Сэм не отвечал несколько секунд.
— Вот что я тебе скажу... Я отвечу на этот вопрос, если ты расскажешь мне, что ты здесь делаешь. И не надо меня обманывать, что ты просто хочешь поболтать и быть не разлей вода. Несмотря на твои заявления прошлой ночью, я знаю тебя. И я знаю, когда ты чего-то хочешь.
Конечно. Но знаешь ли ты, когда я кого-то хочу?
— Сначала ты, — сказала она, делая большой глоток своего напитка и подталкивая его к нему, чтобы налить еще.
— Ну, — сказал он, в последний раз встряхнув шейкер, прежде чем разлить его по ее бокалу. — Думаю, можно сказать, что это слишком ответственно.
— Не совсем понимаю.
— ROON для меня — это все. Это мои сбережения, средства к существованию, моя страсть.
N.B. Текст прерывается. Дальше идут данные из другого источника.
lemma shift_energy_indicator_tendsto_0:
  fixes S :: "'a::euclidean_space set"
  assumes S: "S \<in> sets borel" "emeasure lborel S < \<infinity>"
  shows "(shift_energy (indicator S) \<longlongrightarrow> 0) (at 0)"
proof (rule tendsto_zero_ennrealI)
  fix e :: real assume "e > 0"
  then have e4: "e / 4 > 0" by simp
  obtain U where U: "open U" "S \<subseteq> U" "emeasure lborel (U - S) < ennreal (e / 4)"
    using outer_regular_lborel[OF S(1) e4] by blast
  obtain K where K: "compact K" "K \<subseteq> S" "emeasure lborel (S - K) < ennreal (e / 4)"
    using lborel_inner_regular_compact[OF S e4] by blast
  obtain d where "d > 0" and d: "(\<Union>x\<in>K. ball x d) \<subseteq> U"
    using compact_subset_open_imp_ball_epsilon_subset[OF K(1) U(1)] K(2) U(2) by blast
  define D1 D2 where "D1 = S - K" and "D2 = U - S"
  have [measurable]: "D1 \<in> sets borel" "D2 \<in> sets borel"
    using S K U by (auto simp: D1_def D2_def borel_compact borel_open)
  have "shift_energy (indicator S) y \<le> ennreal e" if "norm y < d" for y
  proof -
    \<comment> \<open>where the shifted indicator differs, x or x + y lies in S - K or U - S\<close>
    have "ennreal ((indicator S (x + y) - indicator S x)^2)
        \<le> indicator {x. x + y \<in> D1} x + indicator D1 x + indicator {x. x + y \<in> D2} x + indicator D2 x"
      for x :: 'a
    proof -
      have "x \<in> U" if "x + y \<in> K" using d that \<open>norm y < d\<close> by (force simp: dist_norm)
      moreover have "x + y \<in> U" if "x \<in> K" using d that \<open>norm y < d\<close> by (force simp: dist_norm)
      ultimately show ?thesis using K(2) by (auto simp: indicator_def D1_def D2_def)
    qed
    then have "shift_energy (indicator S) y \<le> (\<integral>\<^sup>+ x. indicator {x. x + y \<in> D1} x
        + indicator D1 x + indicator {x. x + y \<in> D2} x + indicator D2 x \<partial>lborel)"
      unfolding shift_energy_def by (rule nn_integral_mono)
    also have "\<dots> = 2 * emeasure lborel D1 + 2 * emeasure lborel D2"
      by (simp add: nn_integral_add emeasure_lborel_translate mult_2)
    also have "\<dots> \<le> 2 * ennreal (e / 4) + 2 * ennreal (e / 4)"
      using K(3) U(3) unfolding D1_def D2_def by (intro add_mono mult_left_mono) auto
    also have "\<dots> = ennreal e"
      using \<open>e > 0\<close> by (simp add: ennreal_four_quarters)
    finally show ?thesis .
  qed
  then show "eventually (\<lambda>y. shift_energy (indicator S) y \<le> ennreal e) (at 0)"
    unfolding eventually_at using \<open>d > 0\<close> by (auto simp: dist_norm)
qed

lemma shift_energy_add_tendsto_0:
  fixes g h :: "'a::euclidean_space \<Rightarrow> real"
  assumes "g \<in> borel_measurable borel" "h \<in> borel_measurable borel"
    and "(shift_energy g \<longlongrightarrow> 0) (at 0)" "(shift_energy h \<longlongrightarrow> 0) (at 0)"
  shows "(shift_energy (\<lambda>x. g x + h x) \<longlongrightarrow> 0) (at 0)"
proof (rule tendsto_sandwich[where f = "\<lambda>_. 0"])
  show "\<forall>\<^sub>F y in at 0. shift_energy (\<lambda>x. g x + h x) y \<le> 2 * shift_energy g y + 2 * shift_energy h y"
    using shift_energy_add[OF assms(1,2)] by simp
  have "((\<lambda>y. 2 * shift_energy g y + 2 * shift_energy h y) \<longlongrightarrow> 2 * 0 + 2 * 0) (at 0)"
    using assms(3,4) by (intro tendsto_add ennreal_tendsto_cmult) auto
  then show "((\<lambda>y. 2 * shift_energy g y + 2 * shift_energy h y) \<longlongrightarrow> 0) (at 0)"
    by simp
qed auto

lemma shift_energy_sum_tendsto_0:
  fixes g :: "'b \<Rightarrow> 'a::euclidean_space \<Rightarrow> real"
  assumes "finite I" "\<And>i. i \<in> I \<Longrightarrow> g i \<in> borel_measurable borel"
    and "\<And>i. i \<in> I \<Longrightarrow> (shift_energy (g i) \<longlongrightarrow> 0) (at 0)"
  shows "(shift_energy (\<lambda>x. \<Sum>i\<in>I. g i x) \<longlongrightarrow> 0) (at 0)"
  using assms
proof (induction I rule: finite_induct)
  case empty
  then show ?case by (simp add: shift_energy_def)
next
  case (insert i I)
  then show ?case
    by (simp add: shift_energy_add_tendsto_0 borel_measurable_sum)
qed

lemma shift_energy_simple_tendsto_0:
  fixes v :: "'a::euclidean_space \<Rightarrow> real"
  assumes [measurable]: "v \<in> borel_measurable borel" and "finite (range v)"
    and L2: "(\<integral>\<^sup>+ x. ennreal ((v x)^2) \<partial>lborel) < \<infinity>"
  shows "(shift_energy v \<longlongrightarrow> 0) (at 0)"
proof -
  define R where "R = range v - {0}"
  have "finite R" using assms(2) by (simp add: R_def)
  have v_eq: "v = (\<lambda>x. \<Sum>c\<in>R. c * indicator {x. v x = c} x)"
  proof
    fix x
    have "(\<Sum>c\<in>R. c * indicator {x. v x = c} x) = (\<Sum>c\<in>R. if c = v x then v x else 0)"
      by (intro sum.cong) (auto simp: indicator_def)
    then show "v x = (\<Sum>c\<in>R. c * indicator {x. v x = c} x)"
      using \<open>finite R\<close> by (simp add: sum.delta' R_def)
  qed
  have "(shift_energy (\<lambda>x. c * indicator {x. v x = c} x) \<longlongrightarrow> 0) (at 0)" if "c \<in> R" for c
  proof -
    have "ennreal (c^2) * emeasure lborel {x. v x = c}
        = (\<integral>\<^sup>+ x. ennreal (c^2) * indicator {x. v x = c} x \<partial>lborel)"
      by (simp add: nn_integral_cmult_indicator)
    also have "\<dots> \<le> (\<integral>\<^sup>+ x. ennreal ((v x)^2) \<partial>lborel)"
      by (intro nn_integral_mono) (auto simp: indicator_def)
    also note L2
    finally have "emeasure lborel {x. v x = c} < \<infinity>"
      using that by (auto simp: R_def ennreal_mult_less_top)
    then have "(shift_energy (indicator {x. v x = c}) \<longlongrightarrow> 0) (at 0)"
      by (intro shift_energy_indicator_tendsto_0) auto
    then have "((\<lambda>y. ennreal (c^2) * shift_energy (indicator {x. v x = c}) y) \<longlongrightarrow> ennreal (c^2) * 0) (at 0)"
      by (intro ennreal_tendsto_cmult) auto
    moreover have "{x. v x = c} \<in> sets borel"
      by measurable
    ultimately show ?thesis
      by (simp add: shift_energy_cmult[OF borel_measurable_indicator])
  qed
  then have "(shift_energy (\<lambda>x. \<Sum>c\<in>R. c * indicator {x. v x = c} x) \<longlongrightarrow> 0) (at 0)"
    using \<open>finite R\<close> by (intro shift_energy_sum_tendsto_0) auto
  then show ?thesis using v_eq by simp
qed

lemma L2_approximation_simple_function:
  fixes g :: "'b \<Rightarrow> real"
  assumes g[measurable]: "g \<in> borel_measurable M"
    and L2: "(\<integral>\<^sup>+ x. ennreal ((g x)^2) \<partial>M) < \<infinity>" and "e > 0"
  obtains v where "v \<in> borel_measurable M" "finite (v ` space M)"
    "(\<integral>\<^sup>+ x. ennreal ((v x)^2) \<partial>M) < \<infinity>"
    "(\<integral>\<^sup>+ x. ennreal ((g x - v x)^2) \<partial>M) < ennreal e"
proof -
  obtain F where F: "\<And>i. simple_function M (F i)" "\<And>x. x \<in> space M \<Longrightarrow> (\<lambda>i. F i x) \<longlonglongrightarrow> g x"
    and F_le: "\<And>i x. x \<in> space M \<Longrightarrow> dist (F i x) 0 \<le> 2 * dist (g x) 0"
    using borel_measurable_implies_sequence_metric[OF g, of 0] by metis
  have [measurable]: "F i \<in> borel_measurable M" for i
    using F(1) by (simp add: borel_measurable_simple_function)
  have F_sq: "(F i x)^2 \<le> 4 * (g x)^2" and diff_sq: "(g x - F i x)^2 \<le> 9 * (g x)^2"
    if "x \<in> space M" for i x
  proof -
    have F: "\<bar>F i x\<bar> \<le> 2 * \<bar>g x\<bar>" using F_le[OF that, of i] by simp
    then have "\<bar>F i x\<bar>^2 \<le> (2 * \<bar>g x\<bar>)^2"
      by (intro power_mono) auto
    then show "(F i x)^2 \<le> 4 * (g x)^2"
      by (simp add: power_mult_distrib)
    have "\<bar>g x - F i x\<bar> \<le> 3 * \<bar>g x\<bar>" using F by linarith
    then have "\<bar>g x - F i x\<bar>^2 \<le> (3 * \<bar>g x\<bar>)^2"
      by (intro power_mono) auto
    then show "(g x - F i x)^2 \<le> 9 * (g x)^2"
      by (simp add: power_mult_distrib)
  qed
  have "(\<lambda>i. \<integral>\<^sup>+ x. ennreal ((g x - F i x)^2) \<partial>M) \<longlonglongrightarrow> (\<integral>\<^sup>+ x. ennreal 0 \<partial>M)"
  proof (rule nn_integral_dominated_convergence[where w = "\<lambda>x. ennreal (9 * (g x)^2)"])
    show "(\<integral>\<^sup>+ x. ennreal (9 * (g x)^2) \<partial>M) < \<infinity>"
      using L2 by (simp add: ennreal_mult nn_integral_cmult ennreal_mult_less_top)
    show "AE x in M. (\<lambda>i. ennreal ((g x - F i x)^2)) \<longlonglongrightarrow> ennreal 0"
      using F(2) by (intro AE_I2 tendsto_ennrealI) (auto intro!: tendsto_eq_intros)
    show "AE x in M. ennreal ((g x - F i x)^2) \<le> ennreal (9 * (g x)^2)" for i
      using diff_sq by (intro AE_I2 ennreal_leI)
  qed auto
  then have "eventually (\<lambda>i. (\<integral>\<^sup>+ x. ennreal ((g x - F i x)^2) \<partial>M) < ennreal e) sequentially"
    using \<open>e > 0\<close> by (intro order_tendstoD(2)) auto
  then obtain i where i: "(\<integral>\<^sup>+ x. ennreal ((g x - F i x)^2) \<partial>M) < ennreal e"
    using eventually_sequentially by auto
  have "(\<integral>\<^sup>+ x. ennreal ((F i x)^2) \<partial>M) \<le> (\<integral>\<^sup>+ x. ennreal (4 * (g x)^2) \<partial>M)"
    using F_sq by (intro nn_integral_mono ennreal_leI)
  also have "\<dots> < \<infinity>"
    using L2 by (simp add: ennreal_mult nn_integral_cmult ennreal_mult_less_top)
  finally show ?thesis
    using that[of "F i"] i simple_functionD(1)[OF F(1)] by auto
qed

lemma shift_energy_tendsto_0:
  fixes g :: "'a::euclidean_space \<Rightarrow> real"
  assumes g[measurable]: "g \<in> borel_measurable borel"
    and L2: "(\<integral>\<^sup>+ x. ennreal ((g x)^2) \<partial>lborel) < \<infinity>"
  shows "(shift_energy g \<longlongrightarrow> 0) (at 0)"
proof (rule tendsto_zero_ennrealI)
  fix e :: real assume "e > 0"
  then obtain v where [measurable]: "v \<in> borel_measurable borel" and v: "finite (range v)"
    "(\<integral>\<^sup>+ x. ennreal ((v x)^2) \<partial>lborel) < \<infinity>"
    "(\<integral>\<^sup>+ x. ennreal ((g x - v x)^2) \<partial>lborel) < ennreal (e / 16)"
    using L2_approximation_simple_function[OF _ L2, of "e / 16"] by auto
  have "shift_energy (\<lambda>x. g x - v x) y \<le> 4 * ennreal (e / 16)" for y
    using shift_energy_le_nn_integral_power2[of "\<lambda>x. g x - v x" y] v(3)
    by (auto elim!: order_trans intro!: mult_left_mono)
  also have "4 * ennreal (e / 16) = ennreal (e / 4)"
    using ennreal_mult[of 4 "e / 16"] \<open>e > 0\<close> by simp
  finally have gv: "shift_energy (\<lambda>x. g x - v x) y \<le> ennreal (e / 4)" for y .
  have "eventually (\<lambda>y. shift_energy v y \<le> ennreal (e / 4)) (at 0)"
    using \<open>e > 0\<close> v by (intro eventually_le_ennreal_of_tendsto_zero shift_energy_simple_tendsto_0) auto
  then show "eventually (\<lambda>y. shift_energy g y \<le> ennreal e) (at 0)"
  proof eventually_elim
    case (elim y)
    have "shift_energy g y \<le> 2 * shift_energy (\<lambda>x. g x - v x) y + 2 * shift_energy v y"
      using shift_energy_add[of "\<lambda>x. g x - v x" v y] by simp
    also have "\<dots> \<le> 2 * ennreal (e / 4) + 2 * ennreal (e / 4)"
      using gv elim by (intro add_mono mult_left_mono) auto
    also have "\<dots> = ennreal e"
      using \<open>e > 0\<close> by (simp add: ennreal_four_quarters)
    finally show ?case .
  qed
qed

section \<open>Control by the truncated energy\<close>

lemma borel_measurable_shift_energy [measurable]:
  fixes g :: "'a::euclidean_space \<Rightarrow> real"
  assumes [measurable]: "g \<in> borel_measurable borel"
  shows "shift_energy g \<in> borel_measurable borel"
proof -
  have "(\<lambda>(y, x). ennreal ((g (x + y) - g x)^2)) \<in> borel_measurable (lborel \<Otimes>\<^sub>M (lborel :: 'a measure))"
    by measurable
  then show ?thesis
    unfolding shift_energy_def[abs_def] using lborel.borel_measurable_nn_integral by fastforce
qed

lemma nn_integral_density_truncated_energy:
  fixes g :: "'a::euclidean_space \<Rightarrow> real" and f :: "'a \<Rightarrow> ennreal"
  assumes [measurable]: "g \<in> borel_measurable borel" "f \<in> borel_measurable borel"
  shows "(\<integral>\<^sup>+ x. (\<integral>\<^sup>+ z. indicator {z. r < norm z} z * ennreal ((g (x + z) - g x)^2) \<partial>density lborel f) \<partial>lborel)
       = (\<integral>\<^sup>+ z. f z * indicator {z. r < norm z} z * shift_energy g z \<partial>lborel)"
proof -
  have "(\<integral>\<^sup>+ x. (\<integral>\<^sup>+ z. indicator {z. r < norm z} z * ennreal ((g (x + z) - g x)^2) \<partial>density lborel f) \<partial>lborel)
      = (\<integral>\<^sup>+ x. (\<integral>\<^sup>+ z. f z * (indicator {z. r < norm z} z * ennreal ((g (x + z) - g x)^2)) \<partial>lborel) \<partial>lborel)"
    by (intro nn_integral_cong nn_integral_density) measurable
  also have "\<dots> = (\<integral>\<^sup>+ z. (\<integral>\<^sup>+ x. f z * (indicator {z. r < norm z} z * ennreal ((g (x + z) - g x)^2)) \<partial>lborel) \<partial>lborel)"
    by (rule lborel_pair.Fubini'[symmetric]) measurable
  also have "\<dots> = (\<integral>\<^sup>+ z. f z * indicator {z. r < norm z} z * shift_energy g z \<partial>lborel)"
    unfolding shift_energy_def by (simp add: nn_integral_cmult mult.assoc)
  finally show ?thesis .
qed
Но МакКенны для меня тоже все. Вы были моей семьей, когда моя была паршивой, и вы еще больше стали моей семьёй теперь, когда моя по большей части вычеркнула меня из своей жизни.
Райли сопротивлялась желанию положить свою руку поверх его. Сэм был единственным ребенком, которого воспитывала самая равнодушная мать на планете. Райли встречалась с Хеленой Комптон всего пару раз, и хотя она передала сыну хорошую внешность, матерью она не была. Не в том смысле, который имел значение.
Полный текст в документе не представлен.